Herindiening van : schriftelijke vraag 5-2706

Vraag nr. 5-4368 d.d. 28 december 2011 : (Vraag gesteld in het Frans)

November 2010 werd gekenmerkt door het proces van twee vitrioolwerpers voor het hof van assisen in Henegouwen. Deze weerzinwekkende zaak van agressie met zuur, in juni en juli 2008, op alleenstaande vrouwen om hun bezittingen te kunnen ontvreemden, is geen alleenstaand geval. Er zouden ook nog andere aanvallen met zuur gepleegd zijn op ons grondgebied, inzonderheid bij overvallen op handelszaken.

In Frankrijk is het werpen van flessen met zuur inmiddels een "spel" dat relatief veel voorkomt in de scholen in de regio van Parijs. In Groot-Brittannië wijzen de cijfers van de ziekenhuisopnames van de jongste drie jaar op een geregelde stijging van het aantal personen die behandeld worden voor aanvallen met zuur, vooral in zaken van eremisdaden. België is dus niet het enige land dat geconfronteerd wordt met dit soort agressie dat onnoemelijk leed veroorzaakt bij de slachtoffers.

Zwavelzuur en, in mindere mate zoutzuur, dat op de huid worden aangebracht, veroorzaakt brandwonden van de derde graad als de huid niet binnen de drie tot vier minuten met water wordt gewassen. Aan het oog kunnen diverse gevolgen optreden. In de minst erge gevallen ontstaat er een bindvliesontsteking, maar er kan ook erosie optreden, of zelfs een hoornvliesperforatie, staar of glaucoom en, in het ergste geval, definitieve blindheid. Dat is het geval met één van de slachtoffers van de vitrioolwerpers in Henegouwen.

Zowel verdund zwavelzuur, ook vitriool genoemd, als geconcentreerd zoutzuur zijn vrij verkrijgbaar in de handel. Iedereen kan zich die producten dus gemakkelijk aanschaffen.

Beschikt de minister over cijfers met betrekking tot het aantal klachten dat de jongste vijf jaar in België werd ingediend als gevolg van agressie met zuur?

In Frankrijk verbieden bepaalde prefecturen de verkoop van zwavelzuur en zoutzuur aan minderjarigen. Kan geen betere omkadering worden overwogen van de verkoop van dergelijke producten die zoveel schade kunnen veroorzaken aan het menselijk lichaam, bijvoorbeeld door de verkoop van geconcentreerd zuur te beperken tot vakmensen die het nodig hebben voor de uitoefening van hun beroep en door elke verkoop van gevaarlijke zuren aan minderjarigen te verbieden?

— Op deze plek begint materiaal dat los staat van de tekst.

lemma partials_on_dx:
  "partials_on U D \<Longrightarrow> (x, y) \<in> U \<Longrightarrow>
    ((\<lambda>t. D i j (t, y)) has_real_derivative D (Suc i) j (x, y)) (at x)"
  by (simp add: partials_on_def)

lemma partials_on_dy:
  "partials_on U D \<Longrightarrow> (x, y) \<in> U \<Longrightarrow>
    ((\<lambda>t. D i j (x, t)) has_real_derivative D i (Suc j) (x, y)) (at y)"
  by (simp add: partials_on_def)

lemma partials_on_subset: "partials_on U D \<Longrightarrow> V \<subseteq> U \<Longrightarrow> partials_on V D"
  unfolding partials_on_def by (meson continuous_on_subset subsetD)

lemma eventually_nhds_Pair_fst:
  "\<forall>\<^sub>F q in nhds (x, y). P q \<Longrightarrow> \<forall>\<^sub>F t in nhds x. P (t, y)"
  by (erule eventually_compose_filterlim) (auto intro: tendsto_Pair filterlim_ident)

lemma eventually_nhds_Pair_snd:
  "\<forall>\<^sub>F q in nhds (x, y). P q \<Longrightarrow> \<forall>\<^sub>F t in nhds y. P (x, t)"
  by (erule eventually_compose_filterlim) (auto intro: tendsto_Pair filterlim_ident)

lemma has_real_derivative_zero_if_quadratic_bound:
  fixes g :: "real \<Rightarrow> real"
  assumes "g a = 0" and "\<forall>\<^sub>F t in nhds a. \<bar>g t\<bar> \<le> C * (t - a)\<^sup>2"
  shows "(g has_real_derivative 0) (at a)"
proof -
  have shift: "filterlim (\<lambda>h. a + h) (nhds a) (at 0)"
    using tendsto_add[OF tendsto_const[of a] tendsto_ident_at[of 0 UNIV]] by simp
  have "\<forall>\<^sub>F h in at 0. \<bar>g (a + h)\<bar> \<le> C * h\<^sup>2"
    using eventually_compose_filterlim[OF assms(2) shift] by simp
  then have "\<forall>\<^sub>F h in at 0. norm ((g (a + h) - g a) / h) \<le> \<bar>C\<bar> * \<bar>h\<bar>"
  proof (rule eventually_mono)
    fix h :: real assume "\<bar>g (a + h)\<bar> \<le> C * h\<^sup>2"
    also have "C * h\<^sup>2 \<le> (\<bar>C\<bar> * \<bar>h\<bar>) * \<bar>h\<bar>"
      by (simp add: power2_eq_square abs_mult_self_eq mult.assoc mult_right_mono)
    finally show "norm ((g (a + h) - g a) / h) \<le> \<bar>C\<bar> * \<bar>h\<bar>"
      using assms(1) by (cases "h = 0") (simp_all add: abs_divide divide_le_eq)
  qed
  moreover have "((\<lambda>h. \<bar>C\<bar> * \<bar>h\<bar>) \<longlongrightarrow> 0) (at (0::real))"
    by (auto intro!: tendsto_eq_intros)
  ultimately have "((\<lambda>h. (g (a + h) - g a) / h) \<longlongrightarrow> 0) (at 0)"
    by (rule Lim_null_comparison)
  then show ?thesis by (simp add: DERIV_def)
qed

Antwoord ontvangen op 11 april 2012 :

In het licht van de antwoorden die door de bevoegde diensten werden geformuleerd – met name de Federale Politie (Directie van de operationele politionele informatie), het college van procureurs-generaal en de Dienst voor het Strafrechtelijk beleid, kan ik u het volgende antwoord geven:

1. De statistische analisten van het openbaar ministerie kunnen geen antwoord geven omtrent het aantal klachten voor aanvallen met zuur tijdens de voorbije vijf jaar. Het REA/TPI-systeem beschikt immers niet over een specifieke code voor dit soort agressie.

De Federale Politie heeft evenwel gegevens aangebracht waarvoor “de aantasting van de lichamelijke integriteit” met het voorwerp “drug/precursor” werd gecombineerd (bv. aceton, ether, zoutzuur, …). Het resultaat is in bijlage 1 opgenomen. De gegevens werden voor de periode 2006-2010 op nationaal niveau verzameld. Voor 2010 werd geen enkel feit geregistreerd.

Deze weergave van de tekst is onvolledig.